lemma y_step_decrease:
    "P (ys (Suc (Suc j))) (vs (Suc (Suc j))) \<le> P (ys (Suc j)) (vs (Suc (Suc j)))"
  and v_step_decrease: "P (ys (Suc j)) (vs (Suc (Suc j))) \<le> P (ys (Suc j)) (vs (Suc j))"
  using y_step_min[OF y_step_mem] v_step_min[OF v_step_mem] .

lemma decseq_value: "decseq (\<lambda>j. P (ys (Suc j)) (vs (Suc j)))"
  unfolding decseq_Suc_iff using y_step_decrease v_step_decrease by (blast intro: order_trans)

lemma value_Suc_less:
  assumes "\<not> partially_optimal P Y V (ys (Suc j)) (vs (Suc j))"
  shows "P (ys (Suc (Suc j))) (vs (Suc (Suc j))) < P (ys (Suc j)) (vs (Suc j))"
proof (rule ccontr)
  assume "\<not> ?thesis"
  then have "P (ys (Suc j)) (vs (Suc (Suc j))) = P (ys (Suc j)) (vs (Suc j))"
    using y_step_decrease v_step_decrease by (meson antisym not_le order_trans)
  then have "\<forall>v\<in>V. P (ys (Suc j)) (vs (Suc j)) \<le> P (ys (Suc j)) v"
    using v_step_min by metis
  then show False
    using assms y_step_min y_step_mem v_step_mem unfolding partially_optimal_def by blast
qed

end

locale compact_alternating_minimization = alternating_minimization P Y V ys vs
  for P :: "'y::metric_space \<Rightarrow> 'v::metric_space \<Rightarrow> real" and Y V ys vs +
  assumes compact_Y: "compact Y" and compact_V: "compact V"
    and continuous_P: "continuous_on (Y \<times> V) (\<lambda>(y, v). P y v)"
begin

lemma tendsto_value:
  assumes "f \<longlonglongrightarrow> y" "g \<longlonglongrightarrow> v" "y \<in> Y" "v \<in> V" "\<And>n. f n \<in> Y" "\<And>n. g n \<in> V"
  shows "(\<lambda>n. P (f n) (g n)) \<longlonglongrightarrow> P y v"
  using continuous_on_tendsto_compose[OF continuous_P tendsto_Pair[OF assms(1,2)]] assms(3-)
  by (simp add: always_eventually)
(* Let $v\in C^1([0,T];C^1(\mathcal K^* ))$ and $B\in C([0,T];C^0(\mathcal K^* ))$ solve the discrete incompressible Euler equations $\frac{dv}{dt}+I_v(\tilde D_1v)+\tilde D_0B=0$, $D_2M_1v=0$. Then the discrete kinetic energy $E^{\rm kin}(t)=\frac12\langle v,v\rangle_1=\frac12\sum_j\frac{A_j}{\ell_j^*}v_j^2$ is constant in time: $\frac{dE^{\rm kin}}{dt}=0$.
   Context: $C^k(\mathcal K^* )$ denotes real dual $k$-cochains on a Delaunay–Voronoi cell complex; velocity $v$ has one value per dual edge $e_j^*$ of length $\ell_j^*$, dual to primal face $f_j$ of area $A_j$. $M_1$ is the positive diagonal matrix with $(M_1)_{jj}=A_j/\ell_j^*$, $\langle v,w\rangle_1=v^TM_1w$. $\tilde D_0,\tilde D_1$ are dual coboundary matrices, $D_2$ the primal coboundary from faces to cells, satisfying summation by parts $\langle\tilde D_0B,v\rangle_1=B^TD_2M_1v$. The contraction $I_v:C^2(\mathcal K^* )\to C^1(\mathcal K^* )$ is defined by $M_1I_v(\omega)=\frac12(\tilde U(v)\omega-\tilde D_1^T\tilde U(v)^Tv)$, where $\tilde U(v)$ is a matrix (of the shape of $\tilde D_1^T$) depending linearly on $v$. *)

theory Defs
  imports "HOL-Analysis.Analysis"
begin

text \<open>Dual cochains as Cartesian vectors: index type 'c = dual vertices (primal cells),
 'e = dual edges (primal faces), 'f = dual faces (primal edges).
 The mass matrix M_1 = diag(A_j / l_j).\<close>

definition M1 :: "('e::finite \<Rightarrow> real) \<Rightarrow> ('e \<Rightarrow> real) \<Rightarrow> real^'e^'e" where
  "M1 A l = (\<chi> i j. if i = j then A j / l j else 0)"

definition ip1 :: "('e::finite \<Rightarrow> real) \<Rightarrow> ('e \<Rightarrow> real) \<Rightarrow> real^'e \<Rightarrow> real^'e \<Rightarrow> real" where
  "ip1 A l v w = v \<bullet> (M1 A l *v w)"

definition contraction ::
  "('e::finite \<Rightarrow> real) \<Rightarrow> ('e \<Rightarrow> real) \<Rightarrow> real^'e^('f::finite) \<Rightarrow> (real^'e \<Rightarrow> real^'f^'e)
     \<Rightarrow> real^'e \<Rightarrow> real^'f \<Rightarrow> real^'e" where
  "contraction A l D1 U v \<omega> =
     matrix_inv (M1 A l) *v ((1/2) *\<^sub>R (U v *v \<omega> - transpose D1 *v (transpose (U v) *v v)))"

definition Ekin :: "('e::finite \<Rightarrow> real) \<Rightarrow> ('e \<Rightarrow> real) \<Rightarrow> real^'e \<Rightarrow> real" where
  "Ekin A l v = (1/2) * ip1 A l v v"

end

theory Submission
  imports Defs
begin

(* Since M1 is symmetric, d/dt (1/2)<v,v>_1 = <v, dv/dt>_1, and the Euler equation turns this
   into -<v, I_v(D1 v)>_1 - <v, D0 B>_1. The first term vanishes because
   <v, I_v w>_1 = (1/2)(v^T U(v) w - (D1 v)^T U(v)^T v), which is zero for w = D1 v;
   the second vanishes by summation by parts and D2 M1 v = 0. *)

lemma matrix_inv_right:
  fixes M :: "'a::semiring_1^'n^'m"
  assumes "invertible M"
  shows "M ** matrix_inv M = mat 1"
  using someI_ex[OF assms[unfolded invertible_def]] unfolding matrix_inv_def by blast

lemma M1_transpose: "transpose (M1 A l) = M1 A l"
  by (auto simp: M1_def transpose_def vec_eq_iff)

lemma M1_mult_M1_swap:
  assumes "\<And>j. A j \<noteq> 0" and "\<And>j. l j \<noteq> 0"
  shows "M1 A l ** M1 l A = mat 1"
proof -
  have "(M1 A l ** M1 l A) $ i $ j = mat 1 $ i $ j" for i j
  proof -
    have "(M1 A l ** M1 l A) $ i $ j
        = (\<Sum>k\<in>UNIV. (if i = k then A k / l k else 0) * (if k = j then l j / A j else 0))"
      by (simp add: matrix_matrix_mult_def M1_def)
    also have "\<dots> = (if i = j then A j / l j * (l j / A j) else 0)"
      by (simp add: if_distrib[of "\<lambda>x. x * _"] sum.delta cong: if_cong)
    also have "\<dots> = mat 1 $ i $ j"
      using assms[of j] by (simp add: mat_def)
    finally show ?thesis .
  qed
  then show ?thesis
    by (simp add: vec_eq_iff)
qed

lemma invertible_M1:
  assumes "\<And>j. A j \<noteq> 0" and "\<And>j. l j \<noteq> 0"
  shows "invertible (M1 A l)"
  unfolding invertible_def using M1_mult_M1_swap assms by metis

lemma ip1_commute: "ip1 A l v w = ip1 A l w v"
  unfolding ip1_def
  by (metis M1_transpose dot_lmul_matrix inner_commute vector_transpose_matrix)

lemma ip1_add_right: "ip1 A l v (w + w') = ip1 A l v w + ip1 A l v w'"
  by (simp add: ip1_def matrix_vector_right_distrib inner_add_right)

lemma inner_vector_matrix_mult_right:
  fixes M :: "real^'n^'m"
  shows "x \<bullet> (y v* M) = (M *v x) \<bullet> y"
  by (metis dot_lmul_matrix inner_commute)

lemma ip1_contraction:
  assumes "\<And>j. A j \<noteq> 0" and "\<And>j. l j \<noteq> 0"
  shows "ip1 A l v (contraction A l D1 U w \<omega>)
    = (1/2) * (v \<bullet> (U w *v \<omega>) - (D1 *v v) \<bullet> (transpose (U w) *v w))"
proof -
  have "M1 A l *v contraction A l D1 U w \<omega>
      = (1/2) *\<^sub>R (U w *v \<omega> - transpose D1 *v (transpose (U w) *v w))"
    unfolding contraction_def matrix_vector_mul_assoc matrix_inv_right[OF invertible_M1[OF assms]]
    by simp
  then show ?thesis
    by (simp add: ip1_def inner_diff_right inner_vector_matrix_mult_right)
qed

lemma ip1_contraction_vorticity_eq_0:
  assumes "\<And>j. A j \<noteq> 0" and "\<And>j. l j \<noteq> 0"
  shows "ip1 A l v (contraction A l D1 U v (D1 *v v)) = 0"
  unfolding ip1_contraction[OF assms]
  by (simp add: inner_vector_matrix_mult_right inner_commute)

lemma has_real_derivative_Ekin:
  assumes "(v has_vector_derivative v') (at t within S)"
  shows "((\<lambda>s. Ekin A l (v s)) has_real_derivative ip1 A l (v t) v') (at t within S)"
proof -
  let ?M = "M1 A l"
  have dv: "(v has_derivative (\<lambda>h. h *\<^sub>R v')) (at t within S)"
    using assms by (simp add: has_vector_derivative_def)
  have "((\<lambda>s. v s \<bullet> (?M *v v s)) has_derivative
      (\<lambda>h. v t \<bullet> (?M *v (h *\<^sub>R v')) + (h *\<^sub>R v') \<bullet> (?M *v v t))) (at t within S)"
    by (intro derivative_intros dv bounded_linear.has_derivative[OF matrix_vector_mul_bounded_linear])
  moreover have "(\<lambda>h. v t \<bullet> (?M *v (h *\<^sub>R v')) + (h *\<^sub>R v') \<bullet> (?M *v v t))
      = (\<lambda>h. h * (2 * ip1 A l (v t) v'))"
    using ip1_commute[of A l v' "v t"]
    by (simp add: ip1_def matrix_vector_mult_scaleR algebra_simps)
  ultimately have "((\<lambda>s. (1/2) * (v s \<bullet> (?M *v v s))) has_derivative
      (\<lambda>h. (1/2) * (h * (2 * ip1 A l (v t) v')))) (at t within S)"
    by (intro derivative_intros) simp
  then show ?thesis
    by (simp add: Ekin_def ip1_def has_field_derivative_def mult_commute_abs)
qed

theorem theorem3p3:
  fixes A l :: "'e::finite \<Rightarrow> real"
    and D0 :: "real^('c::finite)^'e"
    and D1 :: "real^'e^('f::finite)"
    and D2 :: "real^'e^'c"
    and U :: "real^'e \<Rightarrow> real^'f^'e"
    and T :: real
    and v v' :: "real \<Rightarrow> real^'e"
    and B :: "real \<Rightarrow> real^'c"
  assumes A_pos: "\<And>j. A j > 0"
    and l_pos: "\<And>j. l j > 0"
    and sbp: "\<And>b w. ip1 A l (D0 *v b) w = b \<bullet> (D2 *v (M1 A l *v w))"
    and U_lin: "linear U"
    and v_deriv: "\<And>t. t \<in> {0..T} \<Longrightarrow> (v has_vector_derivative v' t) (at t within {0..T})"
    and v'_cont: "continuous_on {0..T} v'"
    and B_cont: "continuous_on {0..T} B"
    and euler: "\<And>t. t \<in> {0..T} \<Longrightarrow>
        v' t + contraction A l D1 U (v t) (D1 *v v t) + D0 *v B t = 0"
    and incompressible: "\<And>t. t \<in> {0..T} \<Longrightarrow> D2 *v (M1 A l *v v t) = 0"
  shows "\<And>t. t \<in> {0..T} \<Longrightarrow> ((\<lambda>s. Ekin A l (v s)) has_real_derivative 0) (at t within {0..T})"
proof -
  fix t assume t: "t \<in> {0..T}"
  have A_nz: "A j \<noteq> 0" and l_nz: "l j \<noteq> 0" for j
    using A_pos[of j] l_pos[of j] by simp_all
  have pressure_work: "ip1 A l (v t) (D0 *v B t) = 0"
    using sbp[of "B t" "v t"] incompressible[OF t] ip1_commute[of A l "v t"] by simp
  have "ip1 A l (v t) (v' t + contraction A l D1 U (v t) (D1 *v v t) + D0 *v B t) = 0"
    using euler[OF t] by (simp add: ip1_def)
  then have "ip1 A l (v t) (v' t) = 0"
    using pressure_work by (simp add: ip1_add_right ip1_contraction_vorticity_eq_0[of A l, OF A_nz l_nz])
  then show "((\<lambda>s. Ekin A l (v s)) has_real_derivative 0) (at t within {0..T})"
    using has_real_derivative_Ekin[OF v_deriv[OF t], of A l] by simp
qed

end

========

◆ Aim of the exercise ◆
Retype, exactly and in full, the lines above from the one containing "The mass matrix" through the one containing "matrix_inv M = mat".

◆ Result of the task ◆
 The mass matrix M_1 = diag(A_j / l_j).\<close>

definition M1 :: "('e::finite \<Rightarrow> real) \<Rightarrow> ('e \<Rightarrow> real) \<Rightarrow> real^'e^'e" where
  "M1 A l = (\<chi> i j. if i = j then A j / l j else 0)"

definition ip1 :: "('e::finite \<Rightarrow> real) \<Rightarrow> ('e \<Rightarrow> real) \<Rightarrow> real^'e \<Rightarrow> real^'e \<Rightarrow> real" where
  "ip1 A l v w = v \<bullet> (M1 A l *v w)"

definition contraction ::
  "('e::finite \<Rightarrow> real) \<Rightarrow> ('e \<Rightarrow> real) \<Rightarrow> real^'e^('f::finite) \<Rightarrow> (real^'e \<Rightarrow> real^'f^'e)
     \<Rightarrow> real^'e \<Rightarrow> real^'f \<Rightarrow> real^'e" where
  "contraction A l D1 U v \<omega> =
     matrix_inv (M1 A l) *v ((1/2) *\<^sub>R (U v *v \<omega> - transpose D1 *v (transpose (U v) *v v)))"

definition Ekin :: "('e::finite \<Rightarrow> real) \<Rightarrow> ('e \<Rightarrow> real) \<Rightarrow> real^'e \<Rightarrow> real" where
  "Ekin A l v = (1/2) * ip1 A l v v"

end

theory Submission
  imports Defs
begin

(* Since M1 is symmetric, d/dt (1/2)<v,v>_1 = <v, dv/dt>_1, and the Euler equation turns this
   into -<v, I_v(D1 v)>_1 - <v, D0 B>_1. The first term vanishes because
   <v, I_v w>_1 = (1/2)(v^T U(v) w - (D1 v)^T U(v)^T v), which is zero for w = D1 v;
   the second vanishes by summation by parts and D2 M1 v = 0. *)

lemma matrix_inv_right:
  fixes M :: "'a::semiring_1^'n^'m"
  assumes "invertible M"
  shows "M ** matrix_inv M = mat 1"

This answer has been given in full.